Resource links provided by the National Library of Medicine


Arm Intervention/treatment
Active Comparator: Strength Training Group (STG)

The strength training program will consist of applying resistance and progressive exercises for strength gain and will be based on the training principles recommended by the American College of Sport Medicine. The exercises were chosen based on a pilot study that successfully applied the protocol to 10 participants with FPD (data to be published) and other strength training studies (MASCALL et al, 2003; DISTEFANO et al, 2009; REIMAN et al, 2012; BALDON et al, 2014; SILVA et al, 2015).

Initially, the goal will be the development of neuromotor control and resistance (load <50% of the one repetition maximum test [1RM]), and in subsequent weeks the goal will be the development of muscle strength (load> 70% 1RM).

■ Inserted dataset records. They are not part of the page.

(* There is no $(3,2)$-critical graph that contains exactly three odd cycles.
   Context: All graphs are finite and simple. An odd cycle is a cycle (subgraph) of odd length. For a graph $G$, ${\rm es}_{\chi}(G)$ is the minimum number of edges of $G$ whose removal results in a spanning subgraph $G_1$ with $\chi(G_1)=\chi(G)-1$. $G$ is edge-stability critical if ${\rm es}_{\chi}(G-e)<{\rm es}_{\chi}(G)$ for every edge $e$. $G$ is $(3,2)$-critical if it is edge-stability critical with $\chi(G)=3$ and ${\rm es}_{\chi}(G)=2$. *)

theory Defs
  imports Main
begin

definition simple_graph :: "'a set \<Rightarrow> 'a set set \<Rightarrow> bool" where
  "simple_graph V E \<longleftrightarrow> finite V \<and> (\<forall>e\<in>E. e \<subseteq> V \<and> card e = 2)"

definition colouring :: "'a set \<Rightarrow> 'a set set \<Rightarrow> nat \<Rightarrow> ('a \<Rightarrow> nat) \<Rightarrow> bool" where
  "colouring V E k f \<longleftrightarrow> (\<forall>v\<in>V. f v < k) \<and> (\<forall>e\<in>E. \<forall>u\<in>e. \<forall>v\<in>e. u \<noteq> v \<longrightarrow> f u \<noteq> f v)"

definition chromatic_number :: "'a set \<Rightarrow> 'a set set \<Rightarrow> nat" where
  "chromatic_number V E = (LEAST k. \<exists>f. colouring V E k f)"

definition es_chi :: "'a set \<Rightarrow> 'a set set \<Rightarrow> nat" where
  "es_chi V E = (LEAST m. \<exists>F. F \<subseteq> E \<and> card F = m \<and>
       chromatic_number V (E - F) = chromatic_number V E - 1)"

definition edge_stability_critical :: "'a set \<Rightarrow> 'a set set \<Rightarrow> bool" where
  "edge_stability_critical V E \<longleftrightarrow> (\<forall>e\<in>E. es_chi V (E - {e}) < es_chi V E)"

definition critical_3_2 :: "'a set \<Rightarrow> 'a set set \<Rightarrow> bool" where
  "critical_3_2 V E \<longleftrightarrow> edge_stability_critical V E \<and> chromatic_number V E = 3 \<and> es_chi V E = 2"

definition is_cycle :: "'a set set \<Rightarrow> 'a list \<Rightarrow> bool" where
  "is_cycle E vs \<longleftrightarrow> length vs \<ge> 3 \<and> distinct vs \<and>
     (\<forall>i<length vs. {vs ! i, vs ! ((i + 1) mod length vs)} \<in> E)"

definition cycle_edges :: "'a list \<Rightarrow> 'a set set" where
  "cycle_edges vs = {{vs ! i, vs ! ((i + 1) mod length vs)} | i. i < length vs}"

text \<open>Odd cycles as subgraphs, each identified by its edge set.\<close>
definition odd_cycles :: "'a set set \<Rightarrow> 'a set set set" where
  "odd_cycles E = {cycle_edges vs | vs. is_cycle E vs \<and> odd (length vs)}"

end

theory Submission
  imports Defs "HOL-Library.Transitive_Closure_Table"
begin

text \<open>In a (3,2)-critical graph no edge lies on all odd cycles, since deleting it would leave a
  bipartite graph and so give \<open>es\<^sub>\<chi> = 1\<close>; and every edge \<open>e\<close> has a partner \<open>f\<close> such that
  every odd cycle meets \<open>{e, f}\<close>, because \<open>es\<^sub>\<chi>(G - e) \<le> 1\<close>. Suppose \<open>C\<^sub>1, C\<^sub>2, C\<^sub>3\<close> were
  the only odd cycles. Their symmetric difference \<open>Z\<close> has an odd number of edges and meets every
  edge cut evenly, so it is not bipartite and contains an odd cycle, say \<open>C\<^sub>1\<close>. As no edge lies
  on all three cycles, \<open>C\<^sub>1\<close> is disjoint from \<open>C\<^sub>2\<close> and \<open>C\<^sub>3\<close>. An edge \<open>e\<close> lying in just one
  of \<open>C\<^sub>2, C\<^sub>3\<close> then has a partner \<open>f\<close> in \<open>C\<^sub>1\<close> and in the other one, a contradiction.\<close>

section \<open>Colourings and the chromatic number\<close>

lemma simple_graph_subset: "simple_graph V E \<Longrightarrow> S \<subseteq> E \<Longrightarrow> simple_graph V S"
  unfolding simple_graph_def by blast

lemma simple_graph_finite_edges: "simple_graph V E \<Longrightarrow> finite E"
  unfolding simple_graph_def by (meson Pow_iff finite_Pow_iff finite_subset subsetI)

lemma colouring_mono:
  "colouring V S k f \<Longrightarrow> V' \<subseteq> V \<Longrightarrow> S' \<subseteq> S \<Longrightarrow> k \<le> k' \<Longrightarrow> colouring V' S' k' f"
  unfolding colouring_def by (meson less_le_trans subsetD)

lemma colouring_edge_iff:
  assumes "\<forall>e\<in>S. card e = 2"
  shows "colouring V S k f \<longleftrightarrow> (\<forall>v\<in>V. f v < k) \<and> (\<forall>x y. {x, y} \<in> S \<longrightarrow> f x \<noteq> f y)"
proof -
  have "(\<forall>u\<in>e. \<forall>v\<in>e. u \<noteq> v \<longrightarrow> f u \<noteq> f v) \<longleftrightarrow> (\<forall>x y. e = {x, y} \<longrightarrow> f x \<noteq> f y)"
    if "e \<in> S" for e
  proof -
    from assms that obtain a b where e: "e = {a, b}" "a \<noteq> b"
      by (meson card_2_iff)
    then have "(\<forall>u\<in>e. \<forall>v\<in>e. u \<noteq> v \<longrightarrow> f u \<noteq> f v) \<longleftrightarrow> f a \<noteq> f b"
      by auto
    moreover have "(\<forall>x y. e = {x, y} \<longrightarrow> f x \<noteq> f y) \<longleftrightarrow> f a \<noteq> f b"
      using e by (metis doubleton_eq_iff)
    ultimately show ?thesis
      by blast
  qed
  then have "(\<forall>e\<in>S. \<forall>u\<in>e. \<forall>v\<in>e. u \<noteq> v \<longrightarrow> f u \<noteq> f v)
      \<longleftrightarrow> (\<forall>e\<in>S. \<forall>x y. e = {x, y} \<longrightarrow> f x \<noteq> f y)"
    by (rule ball_cong[OF refl])
  also have "\<dots> \<longleftrightarrow> (\<forall>x y. {x, y} \<in> S \<longrightarrow> f x \<noteq> f y)"
    by auto
  finally show ?thesis
    unfolding colouring_def by simp
qed

lemma chromatic_number_le: "colouring V S k f \<Longrightarrow> chromatic_number V S \<le> k"
  unfolding chromatic_number_def by (rule Least_le) blast

lemma colouring_chromatic_number:
  assumes "simple_graph V S"
  shows "\<exists>f. colouring V S (chromatic_number V S) f"
proof -
  obtain f and n :: nat where f: "f ` V = {i. i < n}" "inj_on f V"
    using assms finite_imp_inj_to_nat_seg unfolding simple_graph_def by metis
  have "colouring V S n f"
    unfolding colouring_def
  proof (intro conjI ballI impI)
    show "f v < n" if "v \<in> V" for v
      using f(1) that by auto
    show "f u \<noteq> f v" if "e \<in> S" "u \<in> e" "v \<in> e" "u \<noteq> v" for e u v
      using assms that f(2) unfolding simple_graph_def by (meson inj_onD subsetD)
  qed
  then have "\<exists>k f. colouring V S k f"
    by blast
  then show ?thesis
    unfolding chromatic_number_def by (rule LeastI_ex)
qed

lemma chromatic_number_le_iff:
  assumes "simple_graph V S"
  shows "chromatic_number V S \<le> k \<longleftrightarrow> (\<exists>f. colouring V S k f)"
  using colouring_chromatic_number[OF assms] chromatic_number_le colouring_mono by blast

lemma chromatic_number_mono:
  assumes "simple_graph V S" "S' \<subseteq> S"
  shows "chromatic_number V S' \<le> chromatic_number V S"
proof -
  obtain f where "colouring V S (chromatic_number V S) f"
    using colouring_chromatic_number[OF assms(1)] by blast
  then have "colouring V S' (chromatic_number V S) f"
    using assms(2) colouring_mono by blast
  then show ?thesis
    by (rule chromatic_number_le)
qed
definition products_ax :: "('o,'a) rcat \<Rightarrow> bool" where
  "products_ax C \<longleftrightarrow>
    (\<forall>X Y. cp0 C X Y \<in> chom C (cwith C X Y) X \<and> cp1 C X Y \<in> chom C (cwith C X Y) Y) \<and>
    (\<forall>X Y Z f g. f \<in> chom C Z X \<longrightarrow> g \<in> chom C Z Y \<longrightarrow>
        cpair C f g \<in> chom C Z (cwith C X Y) \<and>
        ccomp C (cp0 C X Y) (cpair C f g) = f \<and> ccomp C (cp1 C X Y) (cpair C f g) = g) \<and>
    (\<forall>X Y Z h. h \<in> chom C Z (cwith C X Y) \<longrightarrow>
        h = cpair C (ccomp C (cp0 C X Y) h) (ccomp C (cp1 C X Y) h)) \<and>
    (\<forall>X. cterm C X \<in> chom C X (ctop C)) \<and>
    (\<forall>X f. f \<in> chom C X (ctop C) \<longrightarrow> f = cterm C X)"

definition withm :: "('o,'a) rcat \<Rightarrow> 'o \<Rightarrow> 'o \<Rightarrow> 'a \<Rightarrow> 'a \<Rightarrow> 'a" where
  "withm C X Y f g = cpair C (ccomp C f (cp0 C X Y)) (ccomp C g (cp1 C X Y))"

definition comonad_ax :: "('o,'a) rcat \<Rightarrow> bool" where
  "comonad_ax C \<longleftrightarrow>
    (\<forall>X Y f. f \<in> chom C X Y \<longrightarrow> cbangm C f \<in> chom C (cbang C X) (cbang C Y)) \<and>
    (\<forall>X. cbangm C (cid C X) = cid C (cbang C X)) \<and>
    (\<forall>X Y Z f g. f \<in> chom C X Y \<longrightarrow> g \<in> chom C Y Z \<longrightarrow>
        cbangm C (ccomp C g f) = ccomp C (cbangm C g) (cbangm C f)) \<and>
    (\<forall>X. cder C X \<in> chom C (cbang C X) X) \<and>
    (\<forall>X. cdig C X \<in> chom C (cbang C X) (cbang C (cbang C X))) \<and>
    (\<forall>X Y f. f \<in> chom C X Y \<longrightarrow> ccomp C (cder C Y) (cbangm C f) = ccomp C f (cder C X)) \<and>
    (\<forall>X Y f. f \<in> chom C X Y \<longrightarrow>
        ccomp C (cdig C Y) (cbangm C f) = ccomp C (cbangm C (cbangm C f)) (cdig C X)) \<and>
    (\<forall>X. ccomp C (cder C (cbang C X)) (cdig C X) = cid C (cbang C X)) \<and>
    (\<forall>X. ccomp C (cbangm C (cder C X)) (cdig C X) = cid C (cbang C X)) \<and>
    (\<forall>X. ccomp C (cdig C (cbang C X)) (cdig C X) = ccomp C (cbangm C (cdig C X)) (cdig C X))"

text \<open>Seely isomorphisms: (!, m0, m2) is a strong symmetric monoidal functor from
  (L, &, T) to (L, (x), I), compatible with dig (Seely category / resource category).\<close>
definition seely_ax :: "('o,'a) rcat \<Rightarrow> bool" where
  "seely_ax C \<longleftrightarrow>
    is_iso C (cunit C) (cbang C (ctop C)) (cm0 C) \<and>
    (\<forall>X Y. is_iso C (ctens C (cbang C X) (cbang C Y)) (cbang C (cwith C X Y)) (cm2 C X Y)) \<and>
    (\<forall>X Y X' Y' f g. f \<in> chom C X X' \<longrightarrow> g \<in> chom C Y Y' \<longrightarrow>
        ccomp C (cm2 C X' Y') (ctensm C (cbangm C f) (cbangm C g))
        = ccomp C (cbangm C (withm C X Y f g)) (cm2 C X Y)) \<and>
    (\<forall>X Y Z.
        ccomp C (cbangm C (cpair C (ccomp C (cp0 C X Y) (cp0 C (cwith C X Y) Z))
                               (cpair C (ccomp C (cp1 C X Y) (cp0 C (cwith C X Y) Z))
                                        (cp1 C (cwith C X Y) Z))))
          (ccomp C (cm2 C (cwith C X Y) Z) (ctensm C (cm2 C X Y) (cid C (cbang C Z))))
        = ccomp C (cm2 C X (cwith C Y Z))
          (ccomp C (ctensm C (cid C (cbang C X)) (cm2 C Y Z))
                   (cassoc C (cbang C X) (cbang C Y) (cbang C Z)))) \<and>
    (\<forall>X. ccomp C (cbangm C (cp1 C (ctop C) X))
          (ccomp C (cm2 C (ctop C) X) (ctensm C (cm0 C) (cid C (cbang C X))))
        = clunit C (cbang C X)) \<and>
    (\<forall>X. ccomp C (cbangm C (cp0 C X (ctop C)))
          (ccomp C (cm2 C X (ctop C)) (ctensm C (cid C (cbang C X)) (cm0 C)))
        = crunit C (cbang C X)) \<and>
    (\<forall>X Y. ccomp C (cbangm C (cpair C (cp1 C X Y) (cp0 C X Y))) (cm2 C X Y)
        = ccomp C (cm2 C Y X) (csymm C (cbang C X) (cbang C Y))) \<and>
    (\<forall>X Y.
        ccomp C (invm C (ctens C (cbang C (cbang C X)) (cbang C (cbang C Y)))
                        (cbang C (cwith C (cbang C X) (cbang C Y))) (cm2 C (cbang C X) (cbang C Y)))
          (ccomp C (cbangm C (cpair C (cbangm C (cp0 C X Y)) (cbangm C (cp1 C X Y))))
                   (cdig C (cwith C X Y)))
        = ccomp C (ctensm C (cdig C X) (cdig C Y))
            (invm C (ctens C (cbang C X) (cbang C Y)) (cbang C (cwith C X Y)) (cm2 C X Y)))"

definition summable :: "('o,'a) rcat \<Rightarrow> 'o \<Rightarrow> 'o \<Rightarrow> 'a \<Rightarrow> 'a \<Rightarrow> bool" where
  "summable C X Y f0 f1 \<longleftrightarrow> f0 \<in> chom C X Y \<and> f1 \<in> chom C X Y \<and>
     (\<exists>h \<in> chom C X (cS C Y). ccomp C (cpi0 C Y) h = f0 \<and> ccomp C (cpi1 C Y) h = f1)"

definition spair :: "('o,'a) rcat \<Rightarrow> 'o \<Rightarrow> 'o \<Rightarrow> 'a \<Rightarrow> 'a \<Rightarrow> 'a" where
  "spair C X Y f0 f1 = (THE h. h \<in> chom C X (cS C Y) \<and>
      ccomp C (cpi0 C Y) h = f0 \<and> ccomp C (cpi1 C Y) h = f1)"

definition ssum :: "('o,'a) rcat \<Rightarrow> 'o \<Rightarrow> 'o \<Rightarrow> 'a \<Rightarrow> 'a \<Rightarrow> 'a" where
  "ssum C X Y f0 f1 = ccomp C (csig C Y) (spair C X Y f0 f1)"

definition iota0 :: "('o,'a) rcat \<Rightarrow> 'o \<Rightarrow> 'a" where
  "iota0 C X = spair C X X (cid C X) (czero C X X)"

definition summability_ax :: "('o,'a) rcat \<Rightarrow> bool" where
  "summability_ax C \<longleftrightarrow>
    \<comment> \<open>zero morphisms\<close>
    (\<forall>X Y. czero C X Y \<in> chom C X Y) \<and>
    (\<forall>X Y Z f. f \<in> chom C X Y \<longrightarrow> ccomp C (czero C Y Z) f = czero C X Z) \<and>
    (\<forall>X Y Z g. g \<in> chom C Y Z \<longrightarrow> ccomp C g (czero C X Y) = czero C X Z) \<and>
    \<comment> \<open>S is a functor, pi0, pi1, sigma natural, pi0 pi1 jointly monic\<close>
    (\<forall>X Y f. f \<in> chom C X Y \<longrightarrow> cSm C f \<in> chom C (cS C X) (cS C Y)) \<and>
    (\<forall>X. cSm C (cid C X) = cid C (cS C X)) \<and>
    (\<forall>X Y Z f g. f \<in> chom C X Y \<longrightarrow> g \<in> chom C Y Z \<longrightarrow>
        cSm C (ccomp C g f) = ccomp C (cSm C g) (cSm C f)) \<and>
    (\<forall>X. cpi0 C X \<in> chom C (cS C X) X \<and> cpi1 C X \<in> chom C (cS C X) X \<and> csig C X \<in> chom C (cS C X) X) \<and>
    (\<forall>X Y f. f \<in> chom C X Y \<longrightarrow>
        ccomp C (cpi0 C Y) (cSm C f) = ccomp C f (cpi0 C X) \<and>
        ccomp C (cpi1 C Y) (cSm C f) = ccomp C f (cpi1 C X) \<and>
        ccomp C (csig C Y) (cSm C f) = ccomp C f (csig C X)) \<and>
    (\<forall>X Y h h'. h \<in> chom C X (cS C Y) \<longrightarrow> h' \<in> chom C X (cS C Y) \<longrightarrow>
        ccomp C (cpi0 C Y) h = ccomp C (cpi0 C Y) h' \<longrightarrow>
        ccomp C (cpi1 C Y) h = ccomp C (cpi1 C Y) h' \<longrightarrow> h = h') \<and>
    \<comment> \<open>homsets are partial commutative monoids\<close>
    (\<forall>X Y f. f \<in> chom C X Y \<longrightarrow>
        summable C X Y f (czero C X Y) \<and> ssum C X Y f (czero C X Y) = f) \<and>
    (\<forall>X Y f g. summable C X Y f g \<longrightarrow> summable C X Y g f \<and> ssum C X Y f g = ssum C X Y g f) \<and>
    (\<forall>X Y f g h. summable C X Y f g \<longrightarrow> summable C X Y (ssum C X Y f g) h \<longrightarrow>
        summable C X Y g h \<and> summable C X Y f (ssum C X Y g h) \<and>
        ssum C X Y (ssum C X Y f g) h = ssum C X Y f (ssum C X Y g h)) \<and>
    \<comment> \<open>composition distributes over sums\<close>
    (\<forall>X Y Z f g k. summable C X Y f g \<longrightarrow> k \<in> chom C Y Z \<longrightarrow>
        summable C X Z (ccomp C k f) (ccomp C k g) \<and>
        ccomp C k (ssum C X Y f g) = ssum C X Z (ccomp C k f) (ccomp C k g)) \<and>
    (\<forall>W X Y f g k. summable C X Y f g \<longrightarrow> k \<in> chom C W X \<longrightarrow>
        summable C W Y (ccomp C f k) (ccomp C g k) \<and>
        ccomp C (ssum C X Y f g) k = ssum C W Y (ccomp C f k) (ccomp C g k)) \<and>
    \<comment> \<open>tensor distributes over sums\<close>
    (\<forall>X Y X' Y' k. k \<in> chom C X' Y' \<longrightarrow>
        ctensm C (czero C X Y) k = czero C (ctens C X X') (ctens C Y Y') \<and>
        ctensm C k (czero C X Y) = czero C (ctens C X' X) (ctens C Y' Y)) \<and>
    (\<forall>X Y X' Y' f g k. summable C X Y f g \<longrightarrow> k \<in> chom C X' Y' \<longrightarrow>
        summable C (ctens C X X') (ctens C Y Y') (ctensm C f k) (ctensm C g k) \<and>
        ctensm C (ssum C X Y f g) k = ssum C (ctens C X X') (ctens C Y Y') (ctensm C f k) (ctensm C g k) \<and>
        summable C (ctens C X' X) (ctens C Y' Y) (ctensm C k f) (ctensm C k g) \<and>
        ctensm C k (ssum C X Y f g) = ssum C (ctens C X' X) (ctens C Y' Y) (ctensm C k f) (ctensm C k g)) \<and>
    \<comment> \<open>S preserves products strictly\<close>
    (\<forall>X Y. cS C (cwith C X Y) = cwith C (cS C X) (cS C Y) \<and>
        cSm C (cp0 C X Y) = cp0 C (cS C X) (cS C Y) \<and>
        cSm C (cp1 C X Y) = cp1 C (cS C X) (cS C Y)) \<and>
    cS C (ctop C) = ctop C \<and>
    \<comment> \<open>tau\<close>
    (\<forall>X. ctau C X \<in> chom C (cS C (cS C X)) (cS C X) \<and>
        ccomp C (cpi0 C X) (ctau C X) = ccomp C (cpi0 C X) (cpi0 C (cS C X)) \<and>
        summable C (cS C (cS C X)) X (ccomp C (cpi1 C X) (cpi0 C (cS C X)))
                                     (ccomp C (cpi0 C X) (cpi1 C (cS C X))) \<and>
        ccomp C (cpi1 C X) (ctau C X) = ssum C (cS C (cS C X)) X
              (ccomp C (cpi1 C X) (cpi0 C (cS C X))) (ccomp C (cpi0 C X) (cpi1 C (cS C X)))) \<and>
    (\<forall>X Y f. f \<in> chom C X Y \<longrightarrow>
        ccomp C (ctau C Y) (cSm C (cSm C f)) = ccomp C (cSm C f) (ctau C X)) \<and>
    \<comment> \<open>flip c\<close>
    (\<forall>X. cflip C X \<in> chom C (cS C (cS C X)) (cS C (cS C X)) \<and>
        ccomp C (cpi0 C X) (ccomp C (cpi0 C (cS C X)) (cflip C X)) = ccomp C (cpi0 C X) (cpi0 C (cS C X)) \<and>
        ccomp C (cpi0 C X) (ccomp C (cpi1 C (cS C X)) (cflip C X)) = ccomp C (cpi1 C X) (cpi0 C (cS C X)) \<and>
        ccomp C (cpi1 C X) (ccomp C (cpi0 C (cS C X)) (cflip C X)) = ccomp C (cpi0 C X) (cpi1 C (cS C X)) \<and>
        ccomp C (cpi1 C X) (ccomp C (cpi1 C (cS C X)) (cflip C X)) = ccomp C (cpi1 C X) (cpi1 C (cS C X))) \<and>
    \<comment> \<open>L\<close>
    (\<forall>X Y. cL C X Y \<in> chom C (ctens C (cS C X) (cS C Y)) (cS C (ctens C X Y)) \<and>
        ccomp C (cpi0 C (ctens C X Y)) (cL C X Y) = ctensm C (cpi0 C X) (cpi0 C Y) \<and>
        summable C (ctens C (cS C X) (cS C Y)) (ctens C X Y)
           (ctensm C (cpi1 C X) (cpi0 C Y)) (ctensm C (cpi0 C X) (cpi1 C Y)) \<and>
        ccomp C (cpi1 C (ctens C X Y)) (cL C X Y) = ssum C (ctens C (cS C X) (cS C Y)) (ctens C X Y)
           (ctensm C (cpi1 C X) (cpi0 C Y)) (ctensm C (cpi0 C X) (cpi1 C Y)))"
lemma gpath_intro:
  "p \<noteq> [] \<Longrightarrow> hd p = a \<Longrightarrow> last p = c \<Longrightarrow> distinct (map f p) \<Longrightarrow> set p \<subseteq> F \<Longrightarrow>
    successively (fadj F Mv) p \<Longrightarrow> gpath F Mv p a c"
  unfolding gpath_iff_successively using distinct_map by blast

lemma gpath_rev: "gpath F Mv p a c \<Longrightarrow> gpath F Mv (rev p) c a"
  unfolding gpath_iff_successively
  by (auto simp: hd_rev last_rev elim: successively_mono intro: fadj_sym)

lemma path_edges_Cons_Cons: "path_edges (x # y # xs) = insert {x, y} (path_edges (y # xs))"
proof (intro set_eqI iffI)
  fix E assume "E \<in> path_edges (x # y # xs)"
  then obtain i where "E = {(x#y#xs) ! i, (x#y#xs) ! Suc i}" "Suc i < length (x#y#xs)"
    unfolding path_edges_def by blast
  then show "E \<in> insert {x, y} (path_edges (y # xs))"
    by (cases i) (auto simp: path_edges_def)
next
  fix E assume "E \<in> insert {x, y} (path_edges (y # xs))"
  then show "E \<in> path_edges (x # y # xs)"
  proof
    assume "E = {x, y}"
    then show ?thesis unfolding path_edges_def by (intro CollectI exI[of _ 0]) auto
  next
    assume "E \<in> path_edges (y # xs)"
    then obtain i where "E = {(y#xs) ! i, (y#xs) ! Suc i}" "Suc i < length (y#xs)"
      unfolding path_edges_def by blast
    then show ?thesis unfolding path_edges_def by (intro CollectI exI[of _ "Suc i"]) auto
  qed
qed

lemma path_edges_singleton: "path_edges [x] = {}"
  by (simp add: path_edges_def)
lemma Phi_ge_half_integral_unif_ball:
  "(\<integral>w. cosh (lam * (d \<bullet> w)) \<partial>unif_ball) / 2 \<le> Phi lam (d :: real^'n)"
proof -
  let ?f = "\<lambda>w::real^'n. cosh (lam * (d \<bullet> w))"
  have f_borel: "?f \<in> borel_measurable unif_ball"
    by (subst measurable_cong_sets[OF sets_unif_ball refl])
       (intro borel_measurable_continuous_onI continuous_intros)
  have "ennreal ((\<integral>w. ?f w \<partial>unif_ball) / 2) = (\<integral>\<^sup>+w. ?f w \<partial>unif_ball) / 2"
    using integrable_unif_ball_cosh_inner
    by (subst nn_integral_eq_integral) (auto simp: ennreal_divide_numeral)
  also have "\<dots> = (\<integral>\<^sup>+w. ?f w \<partial>scale_measure (1/2) unif_ball)"
    using f_borel by (simp add: nn_integral_scale_measure divide_ennreal_def mult.commute)
  also have "\<dots> \<le> (\<integral>\<^sup>+w. ?f w \<partial>mix_p)"
    by (intro nn_integral_mono_measure scale_unif_ball_le_mix_p) simp
  also have "\<dots> = ennreal (Phi lam d)"
    unfolding Phi_def using integrable_mix_p_cosh_inner by (subst nn_integral_eq_integral) auto
  finally show ?thesis
    by (simp add: Phi_def)
qed

lemma Phi_ge_half: "1/2 \<le> Phi lam (d :: real^'n)"
proof -
  interpret U: prob_space "unif_ball :: (real^'n) measure"
    by (rule prob_space_unif_ball)
  have "1 \<le> (\<integral>w. cosh (lam * (d \<bullet> w)) \<partial>unif_ball)"
    using U.integral_ge_const[of "\<lambda>w. cosh (lam * (d \<bullet> w))" 1]
      integrable_unif_ball_cosh_inner[of lam d] by (simp add: cosh_real_ge_1)
  then show ?thesis
    using Phi_ge_half_integral_unif_ball[of lam d] by linarith
qed
(* Let $m\in\mathbb{N}$, $A=\langle a\rangle\le\mathrm{Sym}(3)$ with $a=(1\,2\,3)$, $B=(\mathbb{Z}/3\mathbb{Z})^m$, and let $\omega=\omega_0\omega_1\omega_2\dots$ be a sequence of epimorphisms $\omega_i\colon B\to A$ with $\bigcap_{i\ge k}\ker(\omega_i)=\{1\}$ for every $k\in\mathbb{N}$. Let $l\in\mathbb{N}$ be the smallest integer such that $\bigcap_{i=0}^{l}\ker(\omega_i)=\{1\}$. Then there exists a constant $C_l\in\mathbb{N}$ such that $|\mathcal{I}_\infty^\omega(n)|\le C_l\, n^{\frac{3^{l+2}-1}{2}}$ for all integers $n\ge 1$.
   Context: $T_3$ is the $3$-regular rooted tree; elements of $\mathrm{Sym}(3)$ act as rooted automorphisms $\tau(xw)=\tau(x)w$; for $g$ fixing the first level, $g=(g_1,g_2,g_3)$ lists the restrictions of $g$ to the three subtrees below the root, and every $g\in\mathrm{Aut}(T_3)$ is uniquely $g=(g_1,g_2,g_3)\tau$ with $\tau\in\mathrm{Sym}(3)$. Let $\sigma$ be the left shift on sequences. Define recursively $\beta_\omega\colon B\to\mathrm{Aut}(T_3)$ by $\beta_\omega(b)=(\omega_0(b),1,\beta_{\sigma(\omega)}(b))$, let $B_\omega=\beta_\omega(B)$ and $G_\omega=\langle A,B_\omega\rangle$. Equip $G_\omega$ with the word pseudonorm $|\cdot|_\omega$: $|g|_\omega$ is the minimum of $\sum_i|s_i|$ over all expressions $g=s_1\cdots s_k$ with $s_i\in A\cup B_\omega$, where elements of $A$ have length $0$ and nontrivial elements of $B_\omega$ have length $1$. Every $g\in G_{\sigma^\nu(\omega)}$ can be written $g=(g_1,g_2,g_3)\tau$ with $g_i\in G_{\sigma^{\nu+1}(\omega)}$, $\tau\in A$. Incompressible elements: set $\mathcal{I}_0^{\sigma^\nu(\omega)}=G_{\sigma^\nu(\omega)}$ and recursively $\mathcal{I}_k^{\sigma^\nu(\omega)}$ is the set of $g=(g_1,g_2,g_3)\tau\in G_{\sigma^\nu(\omega)}$ with $g_1,g_2,g_3\in\mathcal{I}_{k-1}^{\sigma^{\nu+1}(\omega)}$ and $\sum_{i=1}^3|g_i|_{\sigma^{\nu+1}(\omega)}=|g|_{\sigma^\nu(\omega)}$; then $\mathcal{I}_\infty^\omega=\bigcap_{k\ge1}\mathcal{I}_k^\omega$, and $\mathcal{I}_\infty^\omega(n)$ is the set of elements of $\mathcal{I}_\infty^\omega$ of length $|\cdot|_\omega$ equal to $n$. *)

theory Defs
  imports Main
begin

In addition, the protocol will initially focus on strengthening the hip and trunk muscles and after four weeks of training, exercises for the knee muscles will be included.

Other: Strength Training Group (STG)

The strength training program will consist of applying resistance and progressive exercises for strength gain and will be based on the training principles recommended by the American College of Sport Medicine. The exercises were chosen based on a pilot study that successfully applied the protocol to 10 participants with FPD (data to be published) and other strength training studies (MASCALL et al, 2003; DISTEFANO et al, 2009; REIMAN et al, 2012; BALDON et al, 2014; SILVA et al, 2015).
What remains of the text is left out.